Hugman’s Oasis Brings Tiki Tranquility to San Antonio’s River Walk
Photos by Garrett Martin
Robert H. H. Hugman is the father of San Antonio’s River Walk. The architect first designed a plan to beautify and fortify the flood-prone city in the late ‘20s, and oversaw its eventual construction in 1938. All those arch bridges and scenic staircases you’ll find on the River Walk today? Hugman had the idea.

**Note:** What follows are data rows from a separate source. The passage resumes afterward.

lemma summable_powr_of_lower_bound:
  fixes lam :: "nat \<Rightarrow> real"
  assumes c: "c > 0" and a: "a > 0"
    and lb: "\<And>k. c * (real k + 1) powr a \<le> lam k" and qa: "q * a > 1"
  shows "summable (\<lambda>k. lam k powr (-q))"
proof -
  have q: "q > 0" using qa a by (smt (verit) mult_nonpos_nonneg)
  have "summable (\<lambda>k. real k powr (-(q * a)))"
    using summable_real_powr_iff qa by simp
  then have "summable (\<lambda>k. real (Suc k) powr (-(q * a)))"
    by (subst summable_Suc_iff)
  then have major: "summable (\<lambda>k. c powr (-q) * (real k + 1) powr (-(q * a)))"
    by (intro summable_mult) (simp add: add.commute)
  show ?thesis
  proof (rule summable_comparison_test[OF _ major], intro exI allI impI)
    fix k :: nat
    have "lam k powr (-q) \<le> (c * (real k + 1) powr a) powr (-q)"
      using lb[of k] c q by (intro powr_mono2') auto
    also have "\<dots> = c powr (-q) * (real k + 1) powr (-(q * a))"
      using c by (simp add: powr_mult powr_powr mult.commute)
    finally show "norm (lam k powr (-q)) \<le> c powr (-q) * (real k + 1) powr (-(q * a))"
      by simp
  qed
qed

section \<open>The weighted heat trace\<close>

lemma semigrp_opG_opG_semigrp:
  assumes lam_pos: "\<And>k. lam k > 0"
  shows "semigrp lam \<beta> s \<circ> opG lam \<gamma> \<circ> opG lam \<gamma> \<circ> semigrp lam \<beta> s
    = semigrp lam \<beta> (2 * s) \<circ> negLapPow lam (-\<gamma>)"
  unfolding semigrp_def opG_def negLapPow_def diag_comp
  by (intro arg_cong[where f = diag] ext)
    (use lam_pos in \<open>simp add: powr_add[symmetric] exp_add[symmetric] algebra_simps\<close>)

lemma traceE_heat_le:
  assumes lam_pos: "\<And>k. lam k > 0" and p: "0 \<le> p" "p \<le> 1" and s: "s > 0"
    and summ: "summable (\<lambda>k. lam k powr (-(\<gamma> + \<beta> * p)))"
  shows "traceE (semigrp lam \<beta> (2 * s) \<circ> negLapPow lam (-\<gamma>))
    \<le> ennreal ((2 * s) powr (-p) * (\<Sum>k. lam k powr (-(\<gamma> + \<beta> * p))))"
proof -
  have le: "exp (- (2 * s) * lam k powr \<beta>) * lam k powr (-\<gamma>)
      \<le> (2 * s) powr (-p) * lam k powr (-(\<gamma> + \<beta> * p))" for k
  proof -
    have "exp (- (2 * s * lam k powr \<beta>)) \<le> (2 * s * lam k powr \<beta>) powr (-p)"
      using lam_pos[of k] s p by (intro exp_neg_le_powr) auto
    also have "\<dots> = (2 * s) powr (-p) * lam k powr (-(\<beta> * p))"
      using s lam_pos[of k] by (simp add: powr_mult powr_powr)
    finally have "exp (- (2 * s) * lam k powr \<beta>) * lam k powr (-\<gamma>)
        \<le> (2 * s) powr (-p) * lam k powr (-(\<beta> * p)) * lam k powr (-\<gamma>)"
      by (intro mult_right_mono) auto
    also have "\<dots> = (2 * s) powr (-p) * lam k powr (-(\<beta> * p) + -\<gamma>)"
      unfolding powr_add by (simp only: mult.assoc)
    also have "-(\<beta> * p) + -\<gamma> = -(\<gamma> + \<beta> * p)" by simp
    finally show ?thesis .
  qed
  have "traceE (semigrp lam \<beta> (2 * s) \<circ> negLapPow lam (-\<gamma>))
      = (\<Sum>k. ennreal (exp (- (2 * s) * lam k powr \<beta>) * lam k powr (-\<gamma>)))"
    by (simp add: traceE_def semigrp_def negLapPow_def diag_def unitvec_def)
  also have "\<dots> \<le> (\<Sum>k. ennreal ((2 * s) powr (-p) * lam k powr (-(\<gamma> + \<beta> * p))))"
    by (intro suminf_le summableI ennreal_leI le)
  also have "\<dots> = ennreal ((2 * s) powr (-p) * (\<Sum>k. lam k powr (-(\<gamma> + \<beta> * p))))"
    using summ by (simp add: suminf_ennreal2 summable_mult suminf_mult)
  finally show ?thesis .
qed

He wasn’t able to complete the job—petty local politics made sure of that—but today Hugman is remembered as the man who gave San Antonio one of its two most beloved attractions. (I mean, c’mon, that’s the one fight the Alamo will always win.) So when enterprising locals decided to open a new tiki bar on the River Walk decades later, they decided to pay tribute to the man whose ingenuity made it popular: they named the place Hugman’s Oasis.
Hugman’s Oasis has held down a corner of the River Walk since April 2021, and it’s impossible to miss. Torches decorated with skulls overlook the river from the bar’s patio, with thatched roofs covering wicker furniture. If you stumble upon it at night, it feels almost otherworldly—a dangerous outpost of a vicious past in modern day Texas. Around the corner two palm trees bend inwards to form the first A on the Hugman’s Oasis sign, with more skulls and colored lights right next to the entrance. This is a great introduction for a tiki bar, setting the tone before you even get inside.

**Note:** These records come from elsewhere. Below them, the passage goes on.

theorem mainTheorem3:
  shows "\<exists>(X :: nat set) (h :: nat \<Rightarrow> int). (\<forall>x\<in>X. h x \<in> {-1, 1}) \<and>
     (\<forall>k l :: nat. k < l \<longrightarrow>
        (\<forall>a :: real. 0 \<le> a \<longrightarrow>
           (\<exists>(n :: nat) ax ay.
              (\<forall>A. valid_learner A \<longrightarrow> l_bias X {h} l (strip (play ax ay A n))) \<and>
              (\<forall>A. valid_learner A \<and> guarantees_mistakes X {h} l A (real k) \<longrightarrow>
                   a \<le> abstention_penalty A (strip (play ax ay A n))))))"
  using threshold_adversary_forces_abstention
  by (intro exI[of _ UNIV] exI[of _ "\<lambda>_. 1"] conjI allI impI) (simp, blast)

end
lemma half_commute_of_biunitary:
  assumes "biunitary N u" "biunitary N v" "biunitary N w"
    and "half_commute N w (\<lambda>i. cstar (u i)) (\<lambda>i. cstar (v i))"
  shows "half_commute N u v w"
  unfolding half_commute_def
proof (intro allI impI)
  fix i j k
  assume ijk: "i < N" "j < N" "k < N"
  define z where "z = (\<lambda>(i, j, k). u i * v j * w k - w k * v j * u i)"
  have triple: "(\<Sum>p\<in>{..<N} \<times> {..<N} \<times> {..<N}. f p) = (\<Sum>i<N. \<Sum>j<N. \<Sum>k<N. f (i, j, k))"
    for f :: "nat \<times> nat \<times> nat \<Rightarrow> 'a"
    by (simp add: sum.cartesian_product)
  have zero: "(\<Sum>p\<in>{..<N} \<times> {..<N} \<times> {..<N}. z p * cstar (z p) + cstar (z p) * z p) = 0"
    unfolding triple using half_commutator_sum_eq_zero[OF assms] by (simp add: z_def)
  have "z (i, j, k) = 0"
    by (rule sum_mult_cstar_add_cstar_mult_eq_zero[OF _ zero]) (use ijk in auto)
  then show "u i * v j * w k = w k * v j * u i"
    by (simp add: z_def)
qed

lemma half_commute_cstar_middle:
  fixes x :: "nat \<Rightarrow> 'a::cstar_algebra"
  assumes row: "(\<Sum>l<N. x l * cstar (x l)) = 1"
    and hc: "half_commute N x x x" and hc': "half_commute N x x (\<lambda>i. cstar (x i))"
  shows "half_commute N x (\<lambda>i. cstar (x i)) x"
  unfolding half_commute_def
proof (intro allI impI)
  fix i j k
  assume ijk: "i < N" "j < N" "k < N"
  have "x i * cstar (x j) * x k = (\<Sum>l<N. x i * (cstar (x j) * (x k * (x l * cstar (x l)))))"
    by (simp add: mult.assoc row flip: sum_distrib_left)
  also have "\<dots> = (\<Sum>l<N. x k * (cstar (x j) * (x i * (x l * cstar (x l)))))"
  proof (rule sum.cong[OF refl])
    fix l
    assume "l \<in> {..<N}"
    then have l: "l < N"
      by simp
    have "x i * (cstar (x j) * (x k * (x l * cstar (x l))))
        = x i * (x l * (x k * (cstar (x j) * cstar (x l))))"
      using half_commute_assoc[OF hc' l ijk(3,2)] by simp
    also have "\<dots> = x k * (x l * (x i * (cstar (x j) * cstar (x l))))"
      using half_commute_assoc[OF hc ijk(1) l ijk(3)] by simp
    also have "\<dots> = x k * (cstar (x j) * (x i * (x l * cstar (x l))))"
      using half_commute_assoc[OF hc' l ijk(1,2)] by simp
    finally show "x i * (cstar (x j) * (x k * (x l * cstar (x l))))
        = x k * (cstar (x j) * (x i * (x l * cstar (x l))))" .
  qed
  also have "\<dots> = x k * cstar (x j) * x i"
    by (simp add: mult.assoc row flip: sum_distrib_left)
  finally show "x i * cstar (x j) * x k = x k * cstar (x j) * x i" .
qed

theorem proposition3p1:
  fixes x :: "nat \<Rightarrow> 'a::cstar_algebra" and N :: nat
  assumes "(\<Sum>i<N. x i * cstar (x i)) = 1"
    and "(\<Sum>i<N. cstar (x i) * x i) = 1"
  shows "((\<forall>a\<in>x ` {..<N}. \<forall>b\<in>x ` {..<N}. \<forall>c\<in>x ` {..<N}. a * b * c = c * b * a)
           \<longleftrightarrow> (\<forall>a\<in>x ` {..<N}. \<forall>b\<in>x ` {..<N}. \<forall>c\<in>x ` {..<N}.
                  a * b * cstar c = cstar c * b * a))
       \<and> ((\<forall>a\<in>x ` {..<N}. \<forall>b\<in>x ` {..<N}. \<forall>c\<in>x ` {..<N}. a * b * c = c * b * a)
           \<longrightarrow> (\<forall>a\<in>x ` {..<N}. \<forall>b\<in>x ` {..<N}. \<forall>c\<in>x ` {..<N}.
                  a * cstar b * c = c * cstar b * a))"
proof -
  let ?y = "\<lambda>i. cstar (x i)"
  have bx: "biunitary N x"
    using assms by (simp add: biunitary_def)
  then have bx_cstar: "biunitary N ?y"
    by (rule biunitary_cstar)
  have img: "(\<forall>a\<in>x ` {..<N}. \<forall>b\<in>x ` {..<N}. \<forall>c\<in>x ` {..<N}. P a b c)
      \<longleftrightarrow> (\<forall>i<N. \<forall>j<N. \<forall>k<N. P (x i) (x j) (x k))" for P
    by auto
  have one_three: "half_commute N x x ?y" if "half_commute N x x x"
    using bx bx bx_cstar by (rule half_commute_of_biunitary) (rule half_commute_cstar[OF that])
  have three_one: "half_commute N x x x" if "half_commute N x x ?y"
  proof (rule half_commute_of_biunitary[OF bx bx bx])
    show "half_commute N x ?y ?y"
      using half_commute_cstar[OF that] by (simp add: cstar_cstar half_commute_sym)
  qed
  have one_two: "half_commute N x ?y x" if "half_commute N x x x"
    using assms(1) that one_three[OF that] by (rule half_commute_cstar_middle)
  show ?thesis
    unfolding img using one_three three_one one_two unfolding half_commute_def by blast
qed

end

The fantastic decor continues once through the door. This oasis is decked out with Polynesian-themed masks, a seating area that feels like you’re in a thatched gazebo even though you’re indoors, colored lighting on every shelf behind the bar, and a display on the back wall that evokes the flow and feel of a waterfall using rockwork and colored lights. Hugman’s hits that right pitch of exotic design within a subdued atmosphere that makes tiki bars so calming, and it does it with a minimum of kitsch. Disney’s influence on the modern tiki scene is controversial among many tiki fans, and Hugman’s navigates those waters delicately; it has an eye for immersive design that resembles Disney’s best work, but without the divisive gimmicks and overwhelming details of Trader Sam’s. I wouldn’t call it “restrained”—restraint isn’t something you typically associate with tiki bars—but it’s not as cartoonish or overladen as these places often get.